Shares of Canadian e-commerce giant Shopify (TSX:SHOP)(NASDAQ:SHOP) have been down in the dumps this year, as tech stocks as a whole have been under pressure recently. While Shopify has generated strong growth over the years, investors have become concerned with high valuations in the tech sector.
In Q4 2025, Shopify reported 31% revenue growth and its free cash flow margin was an impressive 19%. It was the 10th straight quarter where its free cash flow margin was in double-digits. For the first quarter of 2026, the company continues to expect its revenue growth to be in the low-30s, as Shopify's business remains resilient.
The biggest problem with Shopify stock these days is valuation. It's one of the most expensive stocks on the TSX, with a market cap of more than $200 billion. It's trading at 13 times revenue and its price-to-earnings multiple is over 120.

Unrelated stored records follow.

(* In a generalised differential Seely category, for every $X\in\mathscr C$ and $A\in\mathcal L$, the chain rule holds in the fibre over $X$: $\partial^X_A;\mathbf p^X_A=(\mathbf c^X_A\otimes_X\mathrm{id}_{(X,A)});(\mathbf p^X_A\otimes_X\partial^X_A);\partial^X_{!A}$.
   Context: Composition is diagrammatic; monoidal categories are strict. Setting: an LNL adjunction $\mathcal F\dashv\mathcal U$, $\mathcal F:\mathscr C\to\mathcal L$, between cartesian $(\mathscr C,\times,I)$ and symmetric monoidal $(\mathcal L,\otimes,1)$ (symmetry $\sigma$); $\mathcal U$ lax monoidal via $n_{A,B}$; $\mathcal F$ strong monoidal via isomorphisms $m_{X,Y}:\mathcal F(X)\otimes\mathcal F(Y)\to\mathcal F(X\times Y)$, $m_1$; unit $\eta$, comonad $!=\mathcal F\mathcal U$ with comultiplication $\mathbf p$; $\mathbf c_X:=\mathcal F(\Delta_X);m_{X,X}^{-1}$, $\mathbf w_X:=\mathcal F(t_X);m_1^{-1}$; $\mathbf c_A:=\mathbf c_{\mathcal U(A)}$, $\mathbf w_A:=\mathbf w_{\mathcal U(A)}$. $LS(\mathscr C)$: objects $(X,A)$; morphisms $(f,u):(X,A)\to(Y,B)$ with $f:X\to Y$, $u:\mathcal F(X)\otimes A\to B$; composition $(f,u);(g,v)=(f;g,(\mathbf c_X\otimes\mathrm{id}_A);(\mathcal F(f)\otimes u);v)$; identity $(\mathrm{id}_X,\mathbf w_X\otimes\mathrm{id}_A)$; $\mathbf{ls}(f,u)=f$; fibre $LS(\mathscr C)_X$ = morphisms $(\mathrm{id}_X,u)$, with $(X,A)\otimes_X(X,B)=(X,A\otimes B)$ and $(\mathrm{id}_X,u)\otimes_X(\mathrm{id}_X,v)=(\mathrm{id}_X,(\mathbf c_X\otimes\mathrm{id});(\mathrm{id}\otimes\sigma_{\mathcal F(X),A}\otimes\mathrm{id});(u\otimes v))$. With biproducts $\oplus$ in $\mathcal L$: fibrewise injections $\iota^X_i=(\mathrm{id}_X,\mathbf w_X\otimes\iota_i)$; products in $LS(\mathscr C)$: $(X\times Y,A\oplus B)$, projections $(\pi_i,\mathbf w_{X\times Y}\otimes\pi_i)$. GDSC: $\mathcal L$ additive (CMon-enriched, $\otimes$ bilinear) with finite products, and $\mathcal T:\mathscr C\to LS(\mathscr C)$ with: (t.1) $\mathbf{ls}\circ\mathcal T=\mathrm{id}$, $\mathcal T(X)=(X,\lambda(X))$, and $\varphi_{X,Y}:=\langle\mathcal T(\pi_1),\mathcal T(\pi_2)\rangle:\mathcal T(X\times Y)\to(X\times Y,\lambda(X)\oplus\lambda(Y))$ iso; (t.2) $\mathcal T(\mathcal U(A))=(\mathcal U(A),A)$; (t.3) with $i^{X,Y}_2:=\iota^{X\times Y}_2;\varphi^{-1}_{X,Y}$, $⦃(f,u)⦄:=\langle\pi_1;f,(\eta_X\times\mathrm{id});n_{\mathcal F(X),A};\mathcal U(u)\rangle$, $W(f,u):=(⦃(f,u)⦄,(\mathcal F(\pi_1)\otimes\mathrm{id}_A);u)$: $W(f,u);i^{Y,\mathcal U(B)}_2=i^{X,\mathcal U(A)}_2;\mathcal T(⦃(f,u)⦄)$. Differential: for $h:X\to Y$ with $\mathcal T(h)=(h,v)$, $\mathrm D(h):=(\mathrm{id}_X,v)$; for $h:X\times Y\to Z$, $\mathrm D_2(h):=i^{X,Y}_2;\mathrm D(h)$. $\mathscr D^X_A:=\mathrm D_2(\pi_2;\eta_{\mathcal U(A)}):(X\times\mathcal U(A),A)\to(X\times\mathcal U(A),!A)$. $\Sigma_{(X,A)}:LS(\mathscr C)_{X\times\mathcal U(A)}\to LS(\mathscr C)_X$: $(X\times\mathcal U(A),B)\mapsto(X,!A\otimes B)$, $(\mathrm{id},u)\mapsto(\mathrm{id}_X,(\mathrm{id}_{\mathcal F(X)}\otimes\mathbf c_A\otimes\mathrm{id}_B);(\sigma_{\mathcal F(X),!A}\otimes\mathrm{id}_{!A\otimes B});(\mathrm{id}_{!A}\otimes((m_{X,\mathcal U(A)}\otimes\mathrm{id}_B);u)))$. $\mu^{(X,A)}_{(X,B)}:=(\mathrm{id}_X,\mathbf w_X\otimes\mathbf w_A\otimes\mathrm{id}_B)$. Deriving transform: $\partial^X_A:=\Sigma_{(X,A)}(\mathscr D^X_A);\mu^{(X,A)}_{(X,!A)}:(X,!A\otimes A)\to(X,!A)$. Fibrewise structure: $\mathbf p^X_A:=(\mathrm{id}_X,\mathbf w_X\otimes\mathbf p_A):(X,!A)\to(X,!!A)$, $\mathbf c^X_A:=(\mathrm{id}_X,\mathbf w_X\otimes\mathbf c_A):(X,!A)\to(X,!A\otimes!A)$. *)

theory Defs
  imports Main
begin

(* Categories: objects = all elements of a type, morphisms = elements of a
   type with explicit hom-sets; composition is DIAGRAMMATIC: cmp f g = f;g.
   'c / 'f : objects / morphisms of the cartesian category C
   'l / 'g : objects / morphisms of the symmetric monoidal category L
   =================================================================== *)

record ('c,'f,'l,'g) gdsc_data =
  cHom  :: "'c \<Rightarrow> 'c \<Rightarrow> 'f set"
  cId   :: "'c \<Rightarrow> 'f"
  cCmp  :: "'f \<Rightarrow> 'f \<Rightarrow> 'f"
  cPrd  :: "'c \<Rightarrow> 'c \<Rightarrow> 'c"
  cPr1  :: "'c \<Rightarrow> 'c \<Rightarrow> 'f"
  cPr2  :: "'c \<Rightarrow> 'c \<Rightarrow> 'f"
  cTup  :: "'f \<Rightarrow> 'f \<Rightarrow> 'f"
  cTrm  :: "'c"
  cBang :: "'c \<Rightarrow> 'f"
  lHom  :: "'l \<Rightarrow> 'l \<Rightarrow> 'g set"
  lId   :: "'l \<Rightarrow> 'g"
  lCmp  :: "'g \<Rightarrow> 'g \<Rightarrow> 'g"
  lTen  :: "'l \<Rightarrow> 'l \<Rightarrow> 'l"
  lTenM :: "'g \<Rightarrow> 'g \<Rightarrow> 'g"
  lUnit :: "'l"
  lSym  :: "'l \<Rightarrow> 'l \<Rightarrow> 'g"
  lZero :: "'l \<Rightarrow> 'l \<Rightarrow> 'g"
  lPlus :: "'g \<Rightarrow> 'g \<Rightarrow> 'g"
  lBip  :: "'l \<Rightarrow> 'l \<Rightarrow> 'l"
  lBp1  :: "'l \<Rightarrow> 'l \<Rightarrow> 'g"
  lBp2  :: "'l \<Rightarrow> 'l \<Rightarrow> 'g"
  lTup  :: "'g \<Rightarrow> 'g \<Rightarrow> 'g"
  lTrm  :: "'l"
  lBang :: "'l \<Rightarrow> 'g"
  FO    :: "'c \<Rightarrow> 'l"
  FM    :: "'f \<Rightarrow> 'g"
  UO    :: "'l \<Rightarrow> 'c"
  UM    :: "'g \<Rightarrow> 'f"
  adjEta :: "'c \<Rightarrow> 'f"
  adjEps :: "'l \<Rightarrow> 'g"
  mF    :: "'c \<Rightarrow> 'c \<Rightarrow> 'g"
  mFi   :: "'c \<Rightarrow> 'c \<Rightarrow> 'g"
  mF1   :: "'g"
  mF1i  :: "'g"
  nU    :: "'l \<Rightarrow> 'l \<Rightarrow> 'f"
  nU1   :: "'f"
  lam   :: "'c \<Rightarrow> 'l"
  TM    :: "'f \<Rightarrow> 'g"

definition is_category :: "('o \<Rightarrow> 'o \<Rightarrow> 'm set) \<Rightarrow> ('o \<Rightarrow> 'm) \<Rightarrow> ('m \<Rightarrow> 'm \<Rightarrow> 'm) \<Rightarrow> bool" where
  "is_category hom idm cmp \<longleftrightarrow>
     (\<forall>X. idm X \<in> hom X X) \<and>
     (\<forall>X Y Z f g. f \<in> hom X Y \<longrightarrow> g \<in> hom Y Z \<longrightarrow> cmp f g \<in> hom X Z) \<and>
     (\<forall>X Y f. f \<in> hom X Y \<longrightarrow> cmp (idm X) f = f \<and> cmp f (idm Y) = f) \<and>
     (\<forall>W X Y Z f g h. f \<in> hom W X \<longrightarrow> g \<in> hom X Y \<longrightarrow> h \<in> hom Y Z \<longrightarrow>
        cmp (cmp f g) h = cmp f (cmp g h))"

definition is_functor ::
  "('o \<Rightarrow> 'o \<Rightarrow> 'm set) \<Rightarrow> ('o \<Rightarrow> 'm) \<Rightarrow> ('m \<Rightarrow> 'm \<Rightarrow> 'm) \<Rightarrow>
   ('p \<Rightarrow> 'p \<Rightarrow> 'n set) \<Rightarrow> ('p \<Rightarrow> 'n) \<Rightarrow> ('n \<Rightarrow> 'n \<Rightarrow> 'n) \<Rightarrow>
   ('o \<Rightarrow> 'p) \<Rightarrow> ('m \<Rightarrow> 'n) \<Rightarrow> bool" where
  "is_functor hom idm cmp hom' idm' cmp' Fo Fm \<longleftrightarrow>
     (\<forall>X Y f. f \<in> hom X Y \<longrightarrow> Fm f \<in> hom' (Fo X) (Fo Y)) \<and>
     (\<forall>X. Fm (idm X) = idm' (Fo X)) \<and>
     (\<forall>X Y Z f g. f \<in> hom X Y \<longrightarrow> g \<in> hom Y Z \<longrightarrow> Fm (cmp f g) = cmp' (Fm f) (Fm g))"

definition prodC where
  "prodC S X Y f g = cTup S (cCmp S (cPr1 S X Y) f) (cCmp S (cPr2 S X Y) g)"

definition assocC where
  "assocC S X Y Z =
     cTup S (cCmp S (cPr1 S (cPrd S X Y) Z) (cPr1 S X Y))
            (cTup S (cCmp S (cPr1 S (cPrd S X Y) Z) (cPr2 S X Y)) (cPr2 S (cPrd S X Y) Z))"

definition swapC where "swapC S X Y = cTup S (cPr2 S X Y) (cPr1 S X Y)"

definition diagC where "diagC S X = cTup S (cId S X) (cId S X)"

definition contr where "contr S X = lCmp S (FM S (diagC S X)) (mFi S X X)"
definition weak where "weak S X = lCmp S (FM S (cBang S X)) (mF1i S)"

(* the exponential !A = F(U(A)) and its comultiplication p_A = F(eta_{U A}) *)
definition bangL where "bangL S A = FO S (UO S A)"
definition digL where "digL S A = FM S (adjEta S (UO S A))"

definition inj1 where "inj1 S A B = lTup S (lId S A) (lZero S A B)"
definition inj2 where "inj2 S A B = lTup S (lZero S B A) (lId S B)"

definition LShom where
  "LShom S P Q = {(f,u). f \<in> cHom S (fst P) (fst Q) \<and> u \<in> lHom S (lTen S (FO S (fst P)) (snd P)) (snd Q)}"

definition LScmp where
  "LScmp S P h k =
     (cCmp S (fst h) (fst k),
      lCmp S (lCmp S (lTenM S (contr S (fst P)) (lId S (snd P))) (lTenM S (FM S (fst h)) (snd h))) (snd k))"

definition LSid where "LSid S P = (cId S (fst P), lTenM S (weak S (fst P)) (lId S (snd P)))"

definition LSiso where
  "LSiso S P Q h \<longleftrightarrow> h \<in> LShom S P Q \<and>
     (\<exists>k \<in> LShom S Q P. LScmp S P h k = LSid S P \<and> LScmp S Q k h = LSid S Q)"

definition LSinv where
  "LSinv S P Q h = (SOME k. k \<in> LShom S Q P \<and> LScmp S P h k = LSid S P \<and> LScmp S Q k h = LSid S Q)"

(* pairing into the product (X x Y, A (+) B) of LS(C), whose projections are (pi_i, w (x) pi_i) *)
definition LStup where "LStup S h k = (cTup S (fst h) (fst k), lTup S (snd h) (snd k))"

definition Tf where "Tf S h = (h, TM S h)"

definition phi where
  "phi S X Y = LStup S (Tf S (cPr1 S X Y)) (Tf S (cPr2 S X Y))"

definition iota2 where "iota2 S X A B = (cId S X, lTenM S (weak S X) (inj2 S A B))"

definition i2 where
  "i2 S X Y =
     LScmp S (cPrd S X Y, lam S Y) (iota2 S (cPrd S X Y) (lam S X) (lam S Y))
       (LSinv S (cPrd S X Y, lam S (cPrd S X Y)) (cPrd S X Y, lBip S (lam S X) (lam S Y)) (phi S X Y))"

definition brace where
  "brace S X A f u =
     cTup S (cCmp S (cPr1 S X (UO S A)) f)
            (cCmp S (cCmp S (prodC S X (UO S A) (adjEta S X) (cId S (UO S A))) (nU S (FO S X) A)) (UM S u))"

definition Wmap where
  "Wmap S X A f u = (brace S X A f u, lCmp S (lTenM S (FM S (cPr1 S X (UO S A))) (lId S A)) u)"

definition Dm where "Dm S X h = (cId S X, TM S h)"

definition D2 where "D2 S X Y h = LScmp S (cPrd S X Y, lam S Y) (i2 S X Y) (Dm S (cPrd S X Y) h)"

definition scrD where
  "scrD S X A = D2 S X (UO S A) (cCmp S (cPr2 S X (UO S A)) (adjEta S (UO S A)))"

definition SigmaX where
  "SigmaX S X A B h =
     (cId S X,
      lCmp S (lCmp S (lTenM S (lTenM S (lId S (FO S X)) (contr S (UO S A))) (lId S B))
                     (lTenM S (lSym S (FO S X) (bangL S A)) (lId S (lTen S (bangL S A) B))))
             (lTenM S (lId S (bangL S A)) (lCmp S (lTenM S (mF S X (UO S A)) (lId S B)) (snd h))))"

definition muX where
  "muX S X A B = (cId S X, lTenM S (lTenM S (weak S X) (weak S (UO S A))) (lId S B))"

definition derX where
  "derX S X A = LScmp S (X, lTen S (bangL S A) A) (SigmaX S X A A (scrD S X A)) (muX S X A (bangL S A))"

definition digX where "digX S X A = (cId S X, lTenM S (weak S X) (digL S A))"
definition contrX where "contrX S X A = (cId S X, lTenM S (weak S X) (contr S (UO S A)))"

definition tenX where
  "tenX S X A B h k =
     (cId S X,
      lCmp S (lCmp S (lTenM S (contr S X) (lId S (lTen S A B)))
                     (lTenM S (lTenM S (lId S (FO S X)) (lSym S (FO S X) A)) (lId S B)))
             (lTenM S (snd h) (snd k)))"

It reports earnings early next month, and a strong showing there could give the stock a much-needed boost. Currently, it's trading below its short-term and long-term moving averages, as even technical indicators don't suggest the stock will turn its fortunes around just yet; Shopify desperately needs a catalyst.
But while the stock is down big this year, investors shouldn't conclude that it's cheap. It's still far from its 52-week low of $111.06. And with high revenue and earnings multiples, it may still have more room to fall lower if its earnings numbers fall short of expectations. Taking a wait-and-see approach heading into earnings might be the best option right now, given the question marks surrounding the business today.